- AIM OF THE TASK
Using the records below, copy every line that holds the string "args".

RECORDS TO USE Block Start

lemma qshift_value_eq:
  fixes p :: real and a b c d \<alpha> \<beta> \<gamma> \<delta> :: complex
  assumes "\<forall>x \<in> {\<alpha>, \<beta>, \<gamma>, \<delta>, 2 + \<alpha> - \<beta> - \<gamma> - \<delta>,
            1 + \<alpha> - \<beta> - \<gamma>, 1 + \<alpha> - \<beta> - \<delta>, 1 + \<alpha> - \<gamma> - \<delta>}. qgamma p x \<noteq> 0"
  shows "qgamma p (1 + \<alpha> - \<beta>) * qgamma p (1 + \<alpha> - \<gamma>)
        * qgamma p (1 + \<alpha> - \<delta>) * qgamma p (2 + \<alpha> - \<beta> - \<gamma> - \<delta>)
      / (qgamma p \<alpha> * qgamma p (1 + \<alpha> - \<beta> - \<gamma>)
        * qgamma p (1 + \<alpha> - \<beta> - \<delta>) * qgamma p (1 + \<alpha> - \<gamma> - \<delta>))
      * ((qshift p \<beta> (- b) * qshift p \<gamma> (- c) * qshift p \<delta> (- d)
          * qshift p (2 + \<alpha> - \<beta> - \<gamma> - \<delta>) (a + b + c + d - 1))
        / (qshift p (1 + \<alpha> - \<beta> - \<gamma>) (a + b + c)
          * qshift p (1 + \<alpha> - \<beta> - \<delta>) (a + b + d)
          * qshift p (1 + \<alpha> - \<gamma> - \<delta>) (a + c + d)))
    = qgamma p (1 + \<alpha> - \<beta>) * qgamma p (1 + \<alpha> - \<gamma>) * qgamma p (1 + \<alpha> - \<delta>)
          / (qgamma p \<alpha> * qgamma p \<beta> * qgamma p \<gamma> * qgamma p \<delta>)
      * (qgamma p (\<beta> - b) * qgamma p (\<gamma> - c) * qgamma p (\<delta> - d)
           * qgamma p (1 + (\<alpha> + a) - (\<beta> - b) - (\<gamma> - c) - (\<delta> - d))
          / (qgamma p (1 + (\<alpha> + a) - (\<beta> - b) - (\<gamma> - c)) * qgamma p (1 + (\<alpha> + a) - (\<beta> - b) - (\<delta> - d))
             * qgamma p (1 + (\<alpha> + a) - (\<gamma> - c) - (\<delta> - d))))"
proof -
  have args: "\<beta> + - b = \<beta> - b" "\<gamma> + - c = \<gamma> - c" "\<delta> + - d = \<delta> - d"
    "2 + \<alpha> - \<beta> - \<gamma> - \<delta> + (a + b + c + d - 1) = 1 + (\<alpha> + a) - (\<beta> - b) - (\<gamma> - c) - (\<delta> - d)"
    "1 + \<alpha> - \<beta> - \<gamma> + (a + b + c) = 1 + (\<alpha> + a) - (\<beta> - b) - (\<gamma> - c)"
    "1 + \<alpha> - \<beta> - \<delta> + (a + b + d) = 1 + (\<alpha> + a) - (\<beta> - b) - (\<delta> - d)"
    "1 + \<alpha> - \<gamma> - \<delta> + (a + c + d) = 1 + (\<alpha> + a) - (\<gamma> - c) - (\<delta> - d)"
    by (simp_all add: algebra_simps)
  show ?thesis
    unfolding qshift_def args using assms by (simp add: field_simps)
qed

RECORDS TO USE Block End

- ANSWER SPACE
  have args: "\<beta> + - b = \<beta> - b" "\<gamma> + - c = \<gamma> - c" "\<delta> + - d = \<delta> - d"
    unfolding qshift_def args using assms by (simp add: field_simps)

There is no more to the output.